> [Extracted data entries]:
*** Begin section ***

lemma fischer_self_nonneg: "fischer m c c \<ge> 0"
  unfolding fischer_def by (intro sum_nonneg) (simp add: mult.assoc mi_fact_pos less_imp_le)

lemma fischer_self_eq_0:
  assumes "fischer m c c = 0" and "\<alpha> \<in> multi_indices m"
  shows "c \<alpha> = 0"
proof -
  have "\<forall>\<beta>\<in>multi_indices m. mi_fact \<beta> * c \<beta> * c \<beta> = 0"
    using assms(1) unfolding fischer_def
    by (subst sum_nonneg_eq_0_iff[symmetric]) (auto simp: finite_multi_indices mult.assoc mi_fact_pos less_imp_le)
  then show ?thesis
    using assms(2) mi_fact_pos[of \<alpha>] by auto
qed

lemma fischer_sum_right: "fischer m r (\<lambda>\<alpha>. \<Sum>k\<in>K. f k \<alpha>) = (\<Sum>k\<in>K. fischer m r (f k))"
  unfolding fischer_def by (simp add: sum_distrib_left) (rule sum.swap)

lemma fischer_cmult_right: "fischer m r (\<lambda>\<alpha>. a * f \<alpha>) = a * fischer m r f"
  unfolding fischer_def by (simp add: sum_distrib_left algebra_simps)

lemma fischer_add_right: "fischer m r (\<lambda>\<alpha>. f \<alpha> + g \<alpha>) = fischer m r f + fischer m r g"
  unfolding fischer_def by (simp add: sum.distrib algebra_simps)

lemma fischer_sum_left: "fischer m (\<lambda>\<alpha>. \<Sum>k\<in>K. f k \<alpha>) r = (\<Sum>k\<in>K. fischer m (f k) r)"
  by (subst fischer_commute, simp add: fischer_sum_right fischer_commute)

lemma fischer_cmult_left: "fischer m (\<lambda>\<alpha>. a * f \<alpha>) r = a * fischer m f r"
  by (subst fischer_commute, simp add: fischer_cmult_right fischer_commute)

lemma fischer_square_bound: "- fischer m r c \<le> fischer m r r + fischer m c c / 4"
proof -
  have "fischer m r r + fischer m c c / 4 + fischer m r c
      = (\<Sum>\<alpha>\<in>multi_indices m. mi_fact \<alpha> * (r \<alpha> + c \<alpha> / 2)\<^sup>2)"
    unfolding fischer_def sum_divide_distrib sum.distrib[symmetric]
    by (intro sum.cong refl) (simp add: power2_eq_square field_simps)
  also have "\<dots> \<ge> 0"
    by (intro sum_nonneg) (simp add: mi_fact_pos less_imp_le)
  finally show ?thesis by linarith
qed

definition sym_part :: "real^'d^'d \<Rightarrow> 'd \<Rightarrow> 'd \<Rightarrow> real" where
  "sym_part A i j = (A$i$j + A$j$i) / 2"

definition sym_norm2 :: "real^'d::finite^'d \<Rightarrow> real" where
  "sym_norm2 A = (\<Sum>a\<in>UNIV. \<Sum>b\<in>UNIV. sym_part A a b * sym_part A a b)"

text \<open>With \<open>S = sym_part A\<close>, the operators \<open>qderiv A\<close>, \<open>qmult A\<close>, \<open>lmult A b\<close> and \<open>lderiv A a\<close>
  act as \<open>\<nabla>\<cdot>S\<nabla>\<close>, multiplication by \<open>x\<cdot>Sx\<close>, multiplication by \<open>(Sx)\<^sub>b\<close>, and \<open>(S\<nabla>)\<^sub>a\<close>.\<close>

definition qderiv :: "real^'d::finite^'d \<Rightarrow> (('d \<Rightarrow> nat) \<Rightarrow> real) \<Rightarrow> ('d \<Rightarrow> nat) \<Rightarrow> real" where
  "qderiv A c = (\<lambda>\<alpha>. \<Sum>a\<in>UNIV. \<Sum>b\<in>UNIV. sym_part A a b * cderiv a (cderiv b c) \<alpha>)"

definition qmult :: "real^'d::finite^'d \<Rightarrow> (('d \<Rightarrow> nat) \<Rightarrow> real) \<Rightarrow> ('d \<Rightarrow> nat) \<Rightarrow> real" where
  "qmult A r = (\<lambda>\<alpha>. \<Sum>c\<in>UNIV. \<Sum>d\<in>UNIV. sym_part A c d * xmult c (xmult d r) \<alpha>)"

definition lmult :: "real^'d::finite^'d \<Rightarrow> 'd \<Rightarrow> (('d \<Rightarrow> nat) \<Rightarrow> real) \<Rightarrow> ('d \<Rightarrow> nat) \<Rightarrow> real" where
  "lmult A b r = (\<lambda>\<alpha>. \<Sum>c\<in>UNIV. sym_part A b c * xmult c r \<alpha>)"

definition lderiv :: "real^'d::finite^'d \<Rightarrow> 'd \<Rightarrow> (('d \<Rightarrow> nat) \<Rightarrow> real) \<Rightarrow> ('d \<Rightarrow> nat) \<Rightarrow> real" where
  "lderiv A a r = (\<lambda>\<alpha>. \<Sum>c\<in>UNIV. sym_part A a c * cderiv c r \<alpha>)"

lemma sym_part_commute: "sym_part A i j = sym_part A j i"
  by (simp add: sym_part_def)

lemma qderiv_swap: "(\<lambda>\<alpha>. \<Sum>c\<in>UNIV. \<Sum>d\<in>UNIV. sym_part A c d * cderiv d (cderiv c r) \<alpha>) = qderiv A r"
  unfolding qderiv_def by (rule ext, subst sum.swap) (simp add: sym_part_commute)

lemma qmult_sum: "qmult A (\<lambda>\<beta>. \<Sum>k\<in>K. h k \<beta>) \<alpha> = (\<Sum>k\<in>K. qmult A (h k) \<alpha>)"
proof -
  have "qmult A (\<lambda>\<beta>. \<Sum>k\<in>K. h k \<beta>) \<alpha>
      = (\<Sum>c\<in>UNIV. \<Sum>k\<in>K. \<Sum>d\<in>UNIV. sym_part A c d * xmult c (xmult d (h k)) \<alpha>)"
    unfolding qmult_def xmult_sum sum_distrib_left by (intro sum.cong refl sum.swap)
  then show ?thesis
    unfolding qmult_def by (simp add: sum.swap[of _ UNIV K])
qed

lemma qmult_cmult: "qmult A (\<lambda>\<beta>. a * h \<beta>) \<alpha> = a * qmult A h \<alpha>"
  unfolding qmult_def xmult_cmult by (simp add: sum_distrib_left algebra_simps)

lemma qmult_linear: "qmult A (\<lambda>\<beta>. a * x \<beta> + b * y \<beta>) = (\<lambda>\<alpha>. a * qmult A x \<alpha> + b * qmult A y \<alpha>)"
  unfolding qmult_def
  by (simp add: xmult_add xmult_cmult distrib_left sum.distrib sum_distrib_left mult.left_commute)

lemma qderiv_linear: "qderiv A (\<lambda>\<beta>. a * x \<beta> + b * y \<beta>) = (\<lambda>\<alpha>. a * qderiv A x \<alpha> + b * qderiv A y \<alpha>)"
  unfolding qderiv_def
  by (simp add: cderiv_add cderiv_cmult distrib_left sum.distrib sum_distrib_left mult.left_commute)

lemma cderiv_qmult: "cderiv b (qmult A r) = (\<lambda>\<alpha>. qmult A (cderiv b r) \<alpha> + 2 * lmult A b r \<alpha>)"
proof (rule ext)
  fix \<alpha>
  have xx: "cderiv b (xmult c (xmult d r)) \<alpha> = xmult c (xmult d (cderiv b r)) \<alpha>
      + (if b = d then xmult c r \<alpha> else 0) + (if b = c then xmult d r \<alpha> else 0)" for c d
    by (cases "b = d") (auto simp: cderiv_xmult xmult_add)
  have first: "(\<Sum>c\<in>UNIV. \<Sum>d\<in>UNIV. sym_part A c d * (if b = d then xmult c r \<alpha> else 0)) = lmult A b r \<alpha>"
    by (simp add: lmult_def if_distrib[of "(*) _"] sym_part_commute cong: if_cong)
  have second: "(\<Sum>c\<in>UNIV. \<Sum>d\<in>UNIV. sym_part A c d * (if b = c then xmult d r \<alpha> else 0)) = lmult A b r \<alpha>"
    by (subst sum.swap) (simp add: lmult_def if_distrib[of "(*) _"] cong: if_cong)
  have "cderiv b (qmult A r) \<alpha> = (\<Sum>c\<in>UNIV. \<Sum>d\<in>UNIV. sym_part A c d * cderiv b (xmult c (xmult d r)) \<alpha>)"
    by (simp add: qmult_def cderiv_sum cderiv_cmult)
  also have "\<dots> = qmult A (cderiv b r) \<alpha>
      + (\<Sum>c\<in>UNIV. \<Sum>d\<in>UNIV. sym_part A c d * (if b = d then xmult c r \<alpha> else 0))
      + (\<Sum>c\<in>UNIV. \<Sum>d\<in>UNIV. sym_part A c d * (if b = c then xmult d r \<alpha> else 0))"
    unfolding xx qmult_def by (simp only: distrib_left sum.distrib)
  finally show "cderiv b (qmult A r) \<alpha> = qmult A (cderiv b r) \<alpha> + 2 * lmult A b r \<alpha>"
    unfolding first second by simp
qed

lemma cderiv_lmult: "cderiv a (lmult A b r) = (\<lambda>\<alpha>. lmult A b (cderiv a r) \<alpha> + sym_part A b a * r \<alpha>)"
  by (rule ext) (simp add: lmult_def cderiv_sum cderiv_cmult cderiv_xmult distrib_left sum.distrib
      if_distrib[of "(*) _"] sum.If_cases)

lemma qderiv_qmult: "qderiv A (qmult A r) = (\<lambda>\<alpha>. qmult A (qderiv A r) \<alpha>
   + 2 * (\<Sum>a\<in>UNIV. \<Sum>b\<in>UNIV. sym_part A a b * (lmult A a (cderiv b r) \<alpha> + lmult A b (cderiv a r) \<alpha>))
   + 2 * sym_norm2 A * r \<alpha>)"
proof (rule ext)
  fix \<alpha>
  have dd: "cderiv a (cderiv b (qmult A r)) \<alpha> = qmult A (cderiv a (cderiv b r)) \<alpha>
      + 2 * lmult A a (cderiv b r) \<alpha> + 2 * lmult A b (cderiv a r) \<alpha> + 2 * sym_part A a b * r \<alpha>" for a b
    by (simp add: cderiv_qmult cderiv_lmult cderiv_add cderiv_cmult algebra_simps sym_part_commute)
  have "qmult A (qderiv A r) \<alpha>
      = (\<Sum>a\<in>UNIV. \<Sum>b\<in>UNIV. sym_part A a b * qmult A (cderiv a (cderiv b r)) \<alpha>)"
    unfolding qderiv_def by (simp add: qmult_sum qmult_cmult)
  then show "qderiv A (qmult A r) \<alpha> = qmult A (qderiv A r) \<alpha>
      + 2 * (\<Sum>a\<in>UNIV. \<Sum>b\<in>UNIV. sym_part A a b * (lmult A a (cderiv b r) \<alpha> + lmult A b (cderiv a r) \<alpha>))
      + 2 * sym_norm2 A * r \<alpha>"
    unfolding qderiv_def dd sym_norm2_def
    by (simp add: sum.distrib sum_distrib_left sum_distrib_right algebra_simps)
qed

lemma fischer_qmult:
  "fischer m r (qmult A w) = (case m of Suc (Suc n) \<Rightarrow> fischer n (qderiv A r) w | _ \<Rightarrow> 0)"
proof -
  have expand: "fischer m r (qmult A w) = (\<Sum>c\<in>UNIV. \<Sum>d\<in>UNIV. sym_part A c d * fischer m r (xmult c (xmult d w)))"
    unfolding qmult_def by (simp add: fischer_sum_right fischer_cmult_right)
  show ?thesis
  proof (cases m)
    case (Suc k)
    with expand show ?thesis
      by (cases k) (simp_all add: fischer_xmult_0 fischer_xmult_Suc fischer_sum_left fischer_cmult_left
          flip: qderiv_swap)
  qed (use expand in \<open>simp add: fischer_xmult_0\<close>)
qed

lemma fischer_lmult: "fischer (Suc n) r (lmult A a v) = fischer n (lderiv A a r) v"
  by (simp add: lmult_def lderiv_def fischer_sum_right fischer_cmult_right fischer_xmult_Suc
      fischer_sum_left fischer_cmult_left)

lemma fischer_commutator_middle_nonneg:
  "(\<Sum>a\<in>UNIV. \<Sum>b\<in>UNIV. sym_part A a b *
      (fischer m r (lmult A a (cderiv b r)) + fischer m r (lmult A b (cderiv a r)))) \<ge> 0"
proof (cases m)
  case 0
  then show ?thesis
    by (simp add: lmult_def fischer_sum_right fischer_cmult_right fischer_xmult_0)
next
  case (Suc n)
  have "(\<Sum>a\<in>UNIV. \<Sum>b\<in>UNIV. sym_part A a b * fischer n (lderiv A a r) (cderiv b r))
      = (\<Sum>a\<in>UNIV. fischer n (lderiv A a r) (lderiv A a r))"
    by (simp add: lderiv_def fischer_sum_right fischer_cmult_right)
  moreover have "(\<Sum>a\<in>UNIV. \<Sum>b\<in>UNIV. sym_part A a b * fischer n (lderiv A b r) (cderiv a r))
      = (\<Sum>b\<in>UNIV. fischer n (lderiv A b r) (lderiv A b r))"
    by (subst sum.swap) (simp add: lderiv_def fischer_sum_right fischer_cmult_right sym_part_commute)
  moreover have "(\<Sum>a\<in>UNIV. fischer n (lderiv A a r) (lderiv A a r)) \<ge> 0"
    by (intro sum_nonneg fischer_self_nonneg)
  ultimately show ?thesis
    using Suc by (simp add: fischer_lmult distrib_left sum.distrib)
qed

lemma fischer_qderiv_qmult_ge: "fischer m r (qderiv A (qmult A r)) \<ge> 2 * sym_norm2 A * fischer m r r"
proof -
  have "fischer m r (qmult A (qderiv A r)) \<ge> 0"
    by (simp add: fischer_qmult fischer_self_nonneg split: nat.split)
  then show ?thesis
    using fischer_commutator_middle_nonneg[of A m r]
    by (simp add: qderiv_qmult fischer_add_right fischer_cmult_right fischer_sum_right mult.assoc)
qed

lemma qderiv_qmult_solvable:
  assumes "sym_norm2 A > 0"
  shows "\<exists>r. \<forall>\<alpha>\<in>multi_indices m. qderiv A (qmult A r) \<alpha> = c \<alpha>"
proof (rule solvable_on_finite_support[OF finite_multi_indices])
  show "qderiv A (qmult A (\<lambda>k. a * x k + b * y k)) = (\<lambda>k. a * qderiv A (qmult A x) k + b * qderiv A (qmult A y) k)"
    for a b x y
    by (simp add: qmult_linear qderiv_linear)
  show "\<forall>\<alpha>\<in>multi_indices m. x \<alpha> = 0" if "\<forall>\<alpha>\<in>multi_indices m. qderiv A (qmult A x) \<alpha> = 0" for x
  proof -
    have "fischer m x (qderiv A (qmult A x)) = 0"
      using that unfolding fischer_def by simp
    then have "2 * sym_norm2 A * fischer m x x \<le> 0"
      using fischer_qderiv_qmult_ge[of A m x] by simp
    then have "fischer m x x = 0"
      using assms fischer_self_nonneg[of m x] by (simp add: mult_le_0_iff)
    then show ?thesis
      using fischer_self_eq_0 by blast
  qed
qed

lemma fischer_qmult_solution_le:
  assumes K: "sym_norm2 A \<ge> 1"
    and sol: "\<forall>\<alpha>\<in>multi_indices m. qderiv A (qmult A r) \<alpha> = - c \<alpha>"
  shows "fischer (Suc (Suc m)) (qmult A r) (qmult A r) \<le> fischer m c c / 2"
proof -
  have adj: "fischer (Suc (Suc m)) (qmult A r) (qmult A r) = fischer m r (qderiv A (qmult A r))"
    by (simp add: fischer_qmult fischer_commute)
  have "fischer m r (qderiv A (qmult A r)) = - fischer m r c"
    using sol unfolding fischer_def by (simp add: sum_negf)
  moreover have "2 * fischer m r r \<le> 2 * sym_norm2 A * fischer m r r"
    using K fischer_self_nonneg[of m r] by (simp add: mult_right_mono)
  ultimately show ?thesis
    using adj fischer_qderiv_qmult_ge[of A m r] fischer_square_bound[of m r c] by linarith
qed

*** End section ***

> [To do]: Copy each line of the data that contains the word "moreover", leaving the other lines out.

> [Response to the task]:
  moreover have "(\<Sum>a\<in>UNIV. \<Sum>b\<in>UNIV. sym_part A a b * fischer n (lderiv A b r) (cderiv a r))
  moreover have "(\<Sum>a\<in>UNIV. fischer n (lderiv A a r) (lderiv A a r)) \<ge> 0"
  moreover have "2 * fischer m r r \<le> 2 * sym_norm2 A * fischer m r r"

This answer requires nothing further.